In some instances of confusable characters, it is unlikely that the average human could tell the difference between the real string and the fake string. (Indeed, there is no programmatic way to distinguish with full certainty which is the fake string and which is the real string; in some contexts, the string formed of Cherokee code points might be the real string and the string formed of ASCII code points might be the fake string.) Because PRECIS-compliant strings can contain almost any properly encoded Unicode code point, it can be relatively easy to fake or mimic some strings in systems that use the PRECIS framework. The fact that some strings are easily confused introduces security vulnerabilities of the kind that have also plagued the World Wide Web, specifically the phenomenon known as phishing.

Despite the fact that some specific suggestions about identification and handling of confusable characters appear in the Unicode Security Considerations [UTR36] and the Unicode Security Mechanisms [UTS39], it is also true (as noted in [RFC5890]) that "there are no comprehensive technical solutions to the problems of confusable characters." Because it is impossible to map visually similar characters without a great deal of context (such as knowing the font families used), the PRECIS framework does nothing to map similar-looking characters together, nor does it prohibit some characters because they look like others.

Nevertheless, specifications for application protocols that use this framework are strongly encouraged to describe how confusable characters can be abused to compromise the security of systems that use the protocol in question, along with any protocol-specific suggestions for overcoming those threats. In particular, software implementations and service deployments that use PRECIS-based technologies are strongly encouraged to define and implement consistent policies regarding the registration, storage, and presentation of visually similar characters. The following recommendations are appropriate:

  1. An application service SHOULD define a policy that specifies the scripts or blocks of code points that the service will allow to be registered (e.g., in an account name) or stored (e.g., in a filename). Such a policy SHOULD be informed by the languages and scripts that are used to write registered account names; in particular, to reduce confusion, the service SHOULD forbid registration or storage of strings that contain code points from more than one script and SHOULD restrict registrations to code points drawn from a very small number of scripts (e.g., scripts that are well understood by the administrators of the service, to improve manageability).
  2. User-oriented application software SHOULD define a policy that specifies how internationalized strings will be presented to a human user. Because every human user of such software has a preferred language or a small set of preferred languages, the software SHOULD gather that information either explicitly from the user or implicitly via the operating system of the user's device.

The challenges inherent in supporting the full range of Unicode code points have in the past led some to hope for a way to programmatically negotiate more restrictive ranges based on locale, script, or other relevant factors; to tag the locale associated with a particular string; etc. As a general-purpose internationalization technology, the PRECIS framework does not include such mechanisms.

12.6. Security of Passwords

Two goals of passwords are to maximize the amount of entropy and to minimize the potential for false accepts. These goals can be achieved in part by allowing a wide range of code points and by ensuring that passwords are handled in such a way that code points are not compared aggressively. Therefore, it is NOT RECOMMENDED for application protocols to profile the FreeformClass for use in passwords in a way that removes entire categories (e.g., by disallowing symbols or punctuation). Furthermore, it is NOT RECOMMENDED for application protocols to map uppercase and titlecase code points to their lowercase equivalents in such strings; instead, it is RECOMMENDED to preserve the case of all code points contained in such strings and to compare them in a case-sensitive manner.

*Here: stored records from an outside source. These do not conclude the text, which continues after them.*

(* Let $k>0$ and consider $n$ agents $\mathcal{V}=\{1,\dots,n\}$ with states $q_i\in\mathbb{R}^m$ evolving by $$\ddot q_i=-k\dot q_i-\sum_{j\in\mathcal{N}_i(\sigma(t))}a_{ij}(t)(q_i-q_j)-(q_i-P_{\mathcal{X}_i}(q_i)),$$ where $\mathcal{X}_i\subseteq\mathbb{R}^m$ are closed convex sets, $\sigma$ is a piecewise constant switching signal selecting an undirected graph $\mathcal{G}_{\sigma(t)}$ on $\mathcal{V}$ with neighbor sets $\mathcal{N}_i(\sigma(t))$, and $a_{ij}(t)>0$ are continuous weights. Define $x_i=q_i$ and $x_{n+i}=q_i+\frac{2}{k}\dot q_i$ for $i\in\mathcal{V}$, and $$\delta_i(t)=\frac{4}{k^2}\sum_{j\in\mathcal{N}_i(\sigma(t))}a_{ij}(t)(\dot q_i-\dot q_j)-\frac{2}{k}(q_i-P_{\mathcal{X}_i}(q_i)).$$ Fix a coordinate index $s\in\{1,\dots,m\}$, write $x_i^{(s)}$ for the $s$-th component of $x_i$, and let $\bar{\mathcal{V}}=\{1,\dots,2n\}$, $\hbar(t)=\max_{i\in\bar{\mathcal{V}}}x_i^{(s)}(t)$, $\ell(t)=\min_{i\in\bar{\mathcal{V}}}x_i^{(s)}(t)$. Then for all $t\ge t_0\ge0$, $$D^+\hbar(t)\le\max_{i\in\mathcal{V}}\|\delta_i(t)\|,\qquad D^+\ell(t)\ge-\max_{i\in\mathcal{V}}\|\delta_i(t)\|.$$
   Context: $D^+f(t)=\limsup_{\tau\to0^+}\frac{f(t+\tau)-f(t)}{\tau}$ is the upper Dini derivative. $P_{\mathcal{X}}(x)$ is the Euclidean projection of $x$ onto the closed convex set $\mathcal{X}$. In the transformed variables the dynamics read $\dot x_i=-\frac k2(x_i-x_{n+i})$ and $\dot x_{n+i}=-\frac k2(x_{n+i}-x_i)-\frac2k\sum_{j\in\mathcal{N}_i(\sigma(t))}a_{ij}(t)(x_{n+i}-x_{n+j})+\delta_i(t)$. *)

theory Defs
  imports "HOL-Analysis.Analysis"
begin

definition Dini_upper :: "(real \<Rightarrow> real) \<Rightarrow> real \<Rightarrow> ereal" where
  "Dini_upper f t = Limsup (at_right 0) (\<lambda>\<tau>. ereal ((f (t + \<tau>) - f t) / \<tau>))"

definition piecewise_constant :: "(real \<Rightarrow> 'g) \<Rightarrow> bool" where
  "piecewise_constant \<sigma> \<longleftrightarrow>
     (\<forall>a b. finite {t \<in> {a..b}. \<not> (\<exists>e>0. \<forall>u\<in>ball t e. \<sigma> u = \<sigma> t)})"

definition undirected_nbrs :: "nat \<Rightarrow> (nat \<Rightarrow> nat set) \<Rightarrow> bool" where
  "undirected_nbrs n N \<longleftrightarrow>
     (\<forall>i\<in>{1..n}. N i \<subseteq> {1..n} \<and> i \<notin> N i) \<and>
     (\<forall>i\<in>{1..n}. \<forall>j\<in>{1..n}. j \<in> N i \<longleftrightarrow> i \<in> N j)"

definition xvar :: "real \<Rightarrow> nat \<Rightarrow> (nat \<Rightarrow> real \<Rightarrow> real^'m) \<Rightarrow> (nat \<Rightarrow> real \<Rightarrow> real^'m)
                    \<Rightarrow> nat \<Rightarrow> real \<Rightarrow> real^'m" where
  "xvar k n q q' i t = (if i \<le> n then q i t else q (i - n) t + (2 / k) *\<^sub>R q' (i - n) t)"

definition delta :: "real \<Rightarrow> (real \<Rightarrow> 'g) \<Rightarrow> ('g \<Rightarrow> nat \<Rightarrow> nat set)
     \<Rightarrow> (nat \<Rightarrow> nat \<Rightarrow> real \<Rightarrow> real) \<Rightarrow> (nat \<Rightarrow> (real^'m) set)
     \<Rightarrow> (nat \<Rightarrow> real \<Rightarrow> real^'m) \<Rightarrow> (nat \<Rightarrow> real \<Rightarrow> real^'m) \<Rightarrow> nat \<Rightarrow> real \<Rightarrow> real^'m" where
  "delta k \<sigma> N a X q q' i t =
     (4 / k^2) *\<^sub>R (\<Sum>j\<in>N (\<sigma> t) i. a i j t *\<^sub>R (q' i t - q' j t))
     - (2 / k) *\<^sub>R (q i t - closest_point (X i) (q i t))"

end

theory Submission imports Defs begin

text \<open>
  For a finite family of right-differentiable functions, indices lying strictly below the
  maximum at time t stay below it for small positive increments, so the upper Dini derivative of
  the maximum is bounded by the right derivatives of the maximising indices. If the maximum of
  the 2n transformed coordinates is attained at x(i) = q(i), then x(n+i) <= x(i) forces the
  rate q'(i) <= 0. If it is attained at x(n+j), then q'(j) >= 0 and every coupling term
  a(j,l) (x(n+j) - x(n+l)) is nonnegative, so the transformed dynamics give
  x'(n+j) <= delta(j). The minimum is the maximum of the negated system.
\<close>

lemma eventually_Max_diff_quotient_less:
  fixes f :: "'i \<Rightarrow> real \<Rightarrow> real"
  assumes fin: "finite I" and ne: "I \<noteq> {}"
    and lim: "\<And>i. i \<in> I \<Longrightarrow> ((\<lambda>\<tau>. (f i (t + \<tau>) - f i t) / \<tau>) \<longlongrightarrow> D i) (at_right 0)"
    and active: "\<And>i. i \<in> I \<Longrightarrow> f i t = Max ((\<lambda>i. f i t) ` I) \<Longrightarrow> D i < C"
  shows "\<forall>\<^sub>F \<tau> in at_right 0.
           (Max ((\<lambda>i. f i (t + \<tau>)) ` I) - Max ((\<lambda>i. f i t) ` I)) / \<tau> < C"
proof -
  define F where "F = Max ((\<lambda>i. f i t) ` I)"
  have pos: "\<forall>\<^sub>F \<tau> in at_right 0. \<tau> > (0::real)"
    by (simp add: eventually_at_right_less)
  have each: "\<forall>\<^sub>F \<tau> in at_right 0. f i (t + \<tau>) < F + \<tau> * C" if i: "i \<in> I" for i
  proof (cases "f i t = F")
    case True
    have "\<forall>\<^sub>F \<tau> in at_right 0. (f i (t + \<tau>) - f i t) / \<tau> < C"
      using order_tendstoD(2)[OF lim[OF i]] active[OF i] True by (simp add: F_def)
    with pos show ?thesis
      by eventually_elim (use True in \<open>simp add: divide_less_eq algebra_simps\<close>)
  next
    case False
    have "f i t < F"
      using False fin i by (simp add: F_def order.not_eq_order_implies_strict)
    moreover have "((\<lambda>\<tau>. f i t + \<tau> * ((f i (t + \<tau>) - f i t) / \<tau> - C)) \<longlongrightarrow> f i t + 0 * (D i - C)) (at_right 0)"
      by (intro tendsto_intros lim[OF i])
    ultimately have "\<forall>\<^sub>F \<tau> in at_right 0. f i t + \<tau> * ((f i (t + \<tau>) - f i t) / \<tau> - C) < F"
      by (intro order_tendstoD(2)) auto
    with pos show ?thesis
    proof eventually_elim
      case (elim \<tau>)
      then have "\<tau> * ((f i (t + \<tau>) - f i t) / \<tau> - C) = f i (t + \<tau>) - f i t - \<tau> * C"
        by (simp add: field_simps)
      with elim show ?case by linarith
    qed
  qed
  have "\<forall>\<^sub>F \<tau> in at_right 0. \<forall>i\<in>I. f i (t + \<tau>) < F + \<tau> * C"
    using fin each by (simp add: eventually_ball_finite)
  with pos show ?thesis
    by eventually_elim (use fin ne in \<open>simp add: F_def divide_less_eq algebra_simps\<close>)
qed

lemma Dini_upper_Max_le:
  fixes f :: "'i \<Rightarrow> real \<Rightarrow> real"
  assumes fin: "finite I" and ne: "I \<noteq> {}"
    and lim: "\<And>i. i \<in> I \<Longrightarrow> ((\<lambda>\<tau>. (f i (t + \<tau>) - f i t) / \<tau>) \<longlongrightarrow> D i) (at_right 0)"
    and active: "\<And>i. i \<in> I \<Longrightarrow> f i t = Max ((\<lambda>i. f i t) ` I) \<Longrightarrow> D i \<le> B"
  shows "Dini_upper (\<lambda>\<tau>. Max ((\<lambda>i. f i \<tau>) ` I)) t \<le> ereal B"
proof (rule ereal_le_epsilon2)
  fix e :: real assume "e > 0"
  with active have "\<forall>\<^sub>F \<tau> in at_right 0.
      (Max ((\<lambda>i. f i (t + \<tau>)) ` I) - Max ((\<lambda>i. f i t) ` I)) / \<tau> < B + e"
    by (intro eventually_Max_diff_quotient_less[OF fin ne lim]) force+
  then have "\<forall>\<^sub>F \<tau> in at_right 0.
      ereal ((Max ((\<lambda>i. f i (t + \<tau>)) ` I) - Max ((\<lambda>i. f i t) ` I)) / \<tau>) \<le> ereal (B + e)"
    by eventually_elim simp
  then show "Dini_upper (\<lambda>\<tau>. Max ((\<lambda>i. f i \<tau>) ` I)) t \<le> ereal B + ereal e"
    unfolding Dini_upper_def by (simp add: Limsup_bounded)
qed

lemma Min_image_eq_minus_Max:
  fixes f :: "'i \<Rightarrow> 'a::linordered_ab_group_add"
  assumes "finite I" and "I \<noteq> {}"
  shows "Min (f ` I) = - Max ((\<lambda>i. - f i) ` I)"
proof -
  have "- Max ((\<lambda>i. - f i) ` I) = Min (uminus ` (\<lambda>i. - f i) ` I)"
    using assms by (intro minus_Max_eq_Min) auto
  also have "uminus ` (\<lambda>i. - f i) ` I = f ` I"
    by (simp add: image_image)
  finally show ?thesis by simp
qed

lemma Dini_upper_Min_ge:
  fixes f :: "'i \<Rightarrow> real \<Rightarrow> real"
  assumes fin: "finite I" and ne: "I \<noteq> {}"
    and lim: "\<And>i. i \<in> I \<Longrightarrow> ((\<lambda>\<tau>. (f i (t + \<tau>) - f i t) / \<tau>) \<longlongrightarrow> D i) (at_right 0)"
    and active: "\<And>i. i \<in> I \<Longrightarrow> f i t = Min ((\<lambda>i. f i t) ` I) \<Longrightarrow> D i \<ge> B"
  shows "Dini_upper (\<lambda>\<tau>. Min ((\<lambda>i. f i \<tau>) ` I)) t \<ge> ereal B"
proof -
  have Min_eq: "Min ((\<lambda>i. f i \<tau>) ` I) = - Max ((\<lambda>i. - f i \<tau>) ` I)" for \<tau>
    using Min_image_eq_minus_Max[OF fin ne] .
  have below: "ereal (B - e) \<le> Dini_upper (\<lambda>\<tau>. Min ((\<lambda>i. f i \<tau>) ` I)) t" if "e > 0" for e
  proof -
    have lim': "((\<lambda>\<tau>. (- f i (t + \<tau>) - - f i t) / \<tau>) \<longlongrightarrow> - D i) (at_right 0)"
      if "i \<in> I" for i
      using tendsto_minus[OF lim[OF that]] by (simp only: minus_diff_minus minus_divide_left)
    have active': "- D i < e - B" if "i \<in> I" "- f i t = Max ((\<lambda>i. - f i t) ` I)" for i
    proof -
      have "f i t = Min ((\<lambda>i. f i t) ` I)"
        using that(2) Min_eq[of t] by linarith
      with active[OF that(1)] \<open>e > 0\<close> show ?thesis by linarith
    qed
    have "\<forall>\<^sub>F \<tau> in at_right 0.
        (Max ((\<lambda>i. - f i (t + \<tau>)) ` I) - Max ((\<lambda>i. - f i t) ` I)) / \<tau> < e - B"
      by (rule eventually_Max_diff_quotient_less[OF fin ne lim' active'])
    then have "\<forall>\<^sub>F \<tau> in at_right 0.
        ereal (B - e) \<le> ereal ((Min ((\<lambda>i. f i (t + \<tau>)) ` I) - Min ((\<lambda>i. f i t) ` I)) / \<tau>)"
    proof eventually_elim
      case (elim \<tau>)
      have "(Min ((\<lambda>i. f i (t + \<tau>)) ` I) - Min ((\<lambda>i. f i t) ` I)) / \<tau>
          = - ((Max ((\<lambda>i. - f i (t + \<tau>)) ` I) - Max ((\<lambda>i. - f i t) ` I)) / \<tau>)"
        unfolding Min_eq[of "t + \<tau>"] Min_eq[of t] by (simp add: diff_divide_distrib)
      with elim show ?case by simp
    qed
    then show ?thesis
      unfolding Dini_upper_def by (intro le_Limsup) (simp_all add: trivial_limit_at_right_real)
  qed
  show ?thesis
  proof (rule ereal_le_epsilon2)
    fix e :: real assume "e > 0"
    then have "ereal (B - e) + ereal e \<le> Dini_upper (\<lambda>\<tau>. Min ((\<lambda>i. f i \<tau>) ` I)) t + ereal e"
      using below by (intro add_right_mono) auto
    then show "ereal B \<le> Dini_upper (\<lambda>\<tau>. Min ((\<lambda>i. f i \<tau>) ` I)) t + ereal e"
      by simp
  qed
qed
(* If $N$ is a totally real submanifold in an almost complex manifold $(M,J)$, then $TN$ is a totally real submanifold in $(TM,J^c)$.
   Context: An almost complex structure is a smooth field $J$ of endomorphisms of $TM$ with $J^2=-\mathrm{Id}$; a submanifold $N$ is totally real if $T_pN\cap J(p)T_pN=\{0\}$ for all $p$. $J^c$ denotes the complete lift of $J$ to the tangent bundle $TM$: in local coordinates $(x^h)$ on $M$ and induced fibre coordinates $(t^h)$ on $TM$, writing $J=(J_i^h)$, it is given by the block matrix $J^c=\begin{pmatrix}J_i^h&0\\ t^a\partial_aJ_i^h&J_i^h\end{pmatrix}$; it is an almost complex structure on $TM$. *)

theory Defs
  imports "HOL-Analysis.Analysis"
begin

fun iter_dd :: "'a::real_normed_vector list \<Rightarrow> ('a \<Rightarrow> 'b::real_normed_vector) \<Rightarrow> 'a \<Rightarrow> 'b" where
  "iter_dd [] f = f"
| "iter_dd (v # vs) f = (\<lambda>x. vector_derivative (\<lambda>t. iter_dd vs f (x + t *\<^sub>R v)) (at 0))"

definition smooth_on :: "('a::euclidean_space \<Rightarrow> 'b::real_normed_vector) \<Rightarrow> 'a set \<Rightarrow> bool" where
  "smooth_on f S \<longleftrightarrow> open S \<and>
     (\<forall>vs. continuous_on S (iter_dd vs f) \<and>
       (\<forall>v. \<forall>x\<in>S. ((\<lambda>t. iter_dd vs f (x + t *\<^sub>R v)) has_vector_derivative
                       iter_dd (v # vs) f x) (at 0)))"

definition almost_complex_on :: "('m::euclidean_space \<Rightarrow> ('m \<Rightarrow>\<^sub>L 'm)) \<Rightarrow> 'm set \<Rightarrow> bool" where
  "almost_complex_on J U \<longleftrightarrow> smooth_on J U \<and>
     (\<forall>x\<in>U. \<forall>v. blinfun_apply (J x) (blinfun_apply (J x) v) = - v)"

definition totally_real_subspace :: "('a::real_vector \<Rightarrow> 'a) \<Rightarrow> 'a set \<Rightarrow> bool" where
  "totally_real_subspace Jp V \<longleftrightarrow> V \<inter> Jp ` V = {0}"

definition tangent_space :: "('a::real_normed_vector \<Rightarrow> 'b::real_normed_vector) \<Rightarrow> 'a \<Rightarrow> 'b set" where
  "tangent_space f z = range (frechet_derivative f (at z))"

(* embedded submanifold N = phi ` W of the coordinate domain U, given by a smooth
   injective immersion that is a homeomorphism onto its image *)
definition embedded_param :: "('k::euclidean_space \<Rightarrow> 'm::euclidean_space) \<Rightarrow> 'k set \<Rightarrow> 'm set \<Rightarrow> bool" where
  "embedded_param \<phi> W U \<longleftrightarrow> smooth_on \<phi> W \<and> \<phi> ` W \<subseteq> U \<and> inj_on \<phi> W \<and>
     continuous_on (\<phi> ` W) (inv_into W \<phi>) \<and>
     (\<forall>x\<in>W. inj (frechet_derivative \<phi> (at x)))"

(* complete lift J^c in induced coordinates (x,t) on TU = U x 'm:
   J^c(x,t)(X,Y) = (J(x) X, (t^a d_a J)(x) X + J(x) Y) *)
definition complete_lift :: "('m::euclidean_space \<Rightarrow> ('m \<Rightarrow>\<^sub>L 'm)) \<Rightarrow> 'm \<times> 'm \<Rightarrow> 'm \<times> 'm \<Rightarrow> 'm \<times> 'm" where
  "complete_lift J = (\<lambda>(x, t) (X, Y).
     (blinfun_apply (J x) X,
      blinfun_apply (vector_derivative (\<lambda>s. J (x + s *\<^sub>R t)) (at 0)) X + blinfun_apply (J x) Y))"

That said, software implementers need to be aware that there exist tradeoffs between entropy and usability. For example, allowing a user to establish a password containing "uncommon" code points might make it difficult for the user to access a service when using an unfamiliar or constrained input device.

Some application protocols use passwords directly, whereas others reuse technologies that themselves process passwords (one example of such a technology is the Simple Authentication and Security Layer [RFC4422]). Moreover, passwords are often carried by a sequence of protocols with backend authentication systems or data storage systems such as RADIUS [RFC2865] and the Lightweight Directory Access Protocol (LDAP) [RFC4510]. Developers of application protocols are encouraged to look into reusing these profiles instead of defining new ones, so that end-user expectations about passwords are consistent no matter which application protocol is used.

In protocols that provide passwords as input to a cryptographic algorithm such as a hash function, the client will need to perform proper preparation of the password before applying the algorithm, because the password is not available to the server in plaintext form.

Further discussion of password handling can be found in [I-D.ietf-precis-7613bis].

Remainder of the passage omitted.